In Depth Analysis: CalculatedRisk Newsletter on Real Estate (Ad Free) Read it here.

Sunday, October 10, 2010

Fed's Dudley: Costs of higher capital requirements under Basel III are "exaggerated"

by Calculated Risk on 10/10/2010 09:53:00 PM

Earlier:

  • Summary for Week ending Oct 9th (plenty of graphs)
  • Schedule for Week of Oct 10th

    The following speech focuses on Basel III capital and liquidity standards.

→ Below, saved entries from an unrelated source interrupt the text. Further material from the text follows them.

lemma DSC_left_stable_equiv_total:
  fixes E :: "('a::semigroup_mult \<times> 'a) set"
  assumes dsc: "DSC TYPE('a)" and E: "equiv UNIV E" and stable: "\<And>x y. (y * x, x) \<in> E"
  shows "(a, b) \<in> E"
proof -
  have refl: "(x, x) \<in> E" for x
    using E by (simp add: equiv_def refl_on_def)
  have sym: "(x, y) \<in> E \<Longrightarrow> (y, x) \<in> E" for x y
    using E by (meson equiv_def symD)
  have trans: "(x, y) \<in> E \<Longrightarrow> (y, z) \<in> E \<Longrightarrow> (x, z) \<in> E" for x y z
    using E by (meson equiv_def transD)
  define D where "D = E \<union> {(x, y). (x, a) \<in> E \<and> (y, b) \<in> E}"
  have diag: "diagonal_subsemigroup D"
    unfolding diagonal_subsemigroup_def
  proof (intro conjI allI impI)
    show "Id \<subseteq> D" unfolding D_def using refl by auto
  next
    fix x y x' y' assume "(x, y) \<in> D" "(x', y') \<in> D"
    then consider (in_E) "(x', y') \<in> E" | (in_product) "(x', a) \<in> E" "(y', b) \<in> E"
      unfolding D_def by auto
    then show "(x * x', y * y') \<in> D"
    proof cases
      case in_E
      show ?thesis
        unfolding D_def using trans[OF stable[of x x'] trans[OF in_E sym[OF stable[of y y']]]] by simp
    next
      case in_product
      show ?thesis
        unfolding D_def using trans[OF stable[of x x'] in_product(1)] trans[OF stable[of y y'] in_product(2)]
        by simp
    qed
  qed
  have "sym D" using dsc diag by (rule DSC_symmetric)
  moreover have "(a, b) \<in> D" unfolding D_def using refl by simp
  ultimately have "(b, a) \<in> D" by (rule symD)
  then show ?thesis unfolding D_def using sym by auto
qed

lemma DSC_right_stable_equiv_total:
  fixes E :: "('a::semigroup_mult \<times> 'a) set"
  assumes dsc: "DSC TYPE('a)" and E: "equiv UNIV E" and stable: "\<And>x y. (x * y, x) \<in> E"
  shows "(a, b) \<in> E"
proof -
  have refl: "(x, x) \<in> E" for x
    using E by (simp add: equiv_def refl_on_def)
  have sym: "(x, y) \<in> E \<Longrightarrow> (y, x) \<in> E" for x y
    using E by (meson equiv_def symD)
  have trans: "(x, y) \<in> E \<Longrightarrow> (y, z) \<in> E \<Longrightarrow> (x, z) \<in> E" for x y z
    using E by (meson equiv_def transD)
  define D where "D = E \<union> {(x, y). (x, a) \<in> E \<and> (y, b) \<in> E}"
  have diag: "diagonal_subsemigroup D"
    unfolding diagonal_subsemigroup_def
  proof (intro conjI allI impI)
    show "Id \<subseteq> D" unfolding D_def using refl by auto
  next
    fix x y x' y' assume "(x, y) \<in> D" "(x', y') \<in> D"
    then consider (in_E) "(x, y) \<in> E" | (in_product) "(x, a) \<in> E" "(y, b) \<in> E"
      unfolding D_def by auto
    then show "(x * x', y * y') \<in> D"
    proof cases
      case in_E
      show ?thesis
        unfolding D_def using trans[OF stable[of x x'] trans[OF in_E sym[OF stable[of y y']]]] by simp
    next
      case in_product
      show ?thesis
        unfolding D_def using trans[OF stable[of x x'] in_product(1)] trans[OF stable[of y y'] in_product(2)]
        by simp
    qed
  qed
  have "sym D" using dsc diag by (rule DSC_symmetric)
  moreover have "(a, b) \<in> D" unfolding D_def using refl by simp
  ultimately have "(b, a) \<in> D" by (rule symD)
  then show ?thesis unfolding D_def using sym by auto
qed

theorem mainTheorem3:
  assumes "completely_simple TYPE('a::semigroup_mult)"
    and "DSC TYPE('a)"
  shows "is_group_sg TYPE('a)"
proof -
  have sim: "simple_sg TYPE('a)" using assms(1) unfolding completely_simple_def by blast
  obtain e :: 'a where pe: "primitive_idempotent e"
    using assms(1) unfolding completely_simple_def by blast
  have ee: "e * e = e" using pe by (rule primitive_idempotent_idem)
  have right_id: "x * e = x" for x
  proof -
    have "(x, e) \<in> green_L"
      using DSC_left_stable_equiv_total[OF assms(2) completely_simple_green_L[OF pe sim]] by blast
    then obtain s where "x = s * e" unfolding green_L_def by blast
    then show ?thesis using ee by (simp add: mult.assoc)
  qed
  have left_id: "e * x = x" for x
  proof -
    have "(x, e) \<in> green_R"
      using DSC_right_stable_equiv_total[OF assms(2) completely_simple_green_R[OF pe sim]] by blast
    then obtain s where "x = e * s" unfolding green_R_def by blast
    then show ?thesis using ee by (simp add: mult.assoc[symmetric])
  qed
  have "\<exists>y. x * y = e \<and> y * x = e" for x
    using simple_sg_factor[OF sim, of e x] primitive_idempotent_local_inverse[OF pe left_id right_id]
    by blast
  then show ?thesis unfolding is_group_sg_def using left_id right_id by blast
qed

end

    From NY Fed President William Dudley: Basel and the Wider Financial Stability Agenda
    [T]he new standards will require banking organizations to significantly increase the amount of high-quality, loss-absorbing capital that they hold; significantly improve risk capture in trading, counterparty credit, securitization and other activities that the prior regulatory capital requirements did not adequately capture; make it more expensive for banks to provide liquidity guarantees to shadow banks; constrain the leverage that banking companies can take by introducing a credible, non-risk-based backstop; and increase the capacity of banks to absorb shocks that might temporarily impede their ability to access short-term funding markets. While these changes apply directly only to large internationally active banks, they will have wider ramifications for the financial system as a whole, including nonbanks and the capital markets.
    ...
    The new capital rules are intended to provide strong incentives for banks to change their business models in ways that make the system more stable and reduce the negative impact their actions have on others—for instance, by providing incentives to standardize OTC derivatives contracts and clear such standardized trades through central counterparties. To understand what these new requirements mean for the amount of capital banks will ultimately have to hold, it is important to note that one of the intended consequences of these changes is for banks to adjust their business models in ways that reduce the risks their activities generate.
    Note that the word "intended" is highlighted in the speech. The requirement are intended to encourage banks to change thier business models and reduce risk.

    And on the costs:
    [S]ome argue that the new [Basel] standards are too severe. They argue that, in the short run, the higher standards could lead to a significant constraint in credit that could hurt the nascent economic expansion. And, they argue, in the long run, that the higher capital standards will inevitably drive up lending costs and that this will hurt economic performance. Although I believe the new standards do impose some real costs on the financial system in order to achieve real benefits, I believe that concerns over the costs are exaggerated.
    The new standards will be phased in over several years.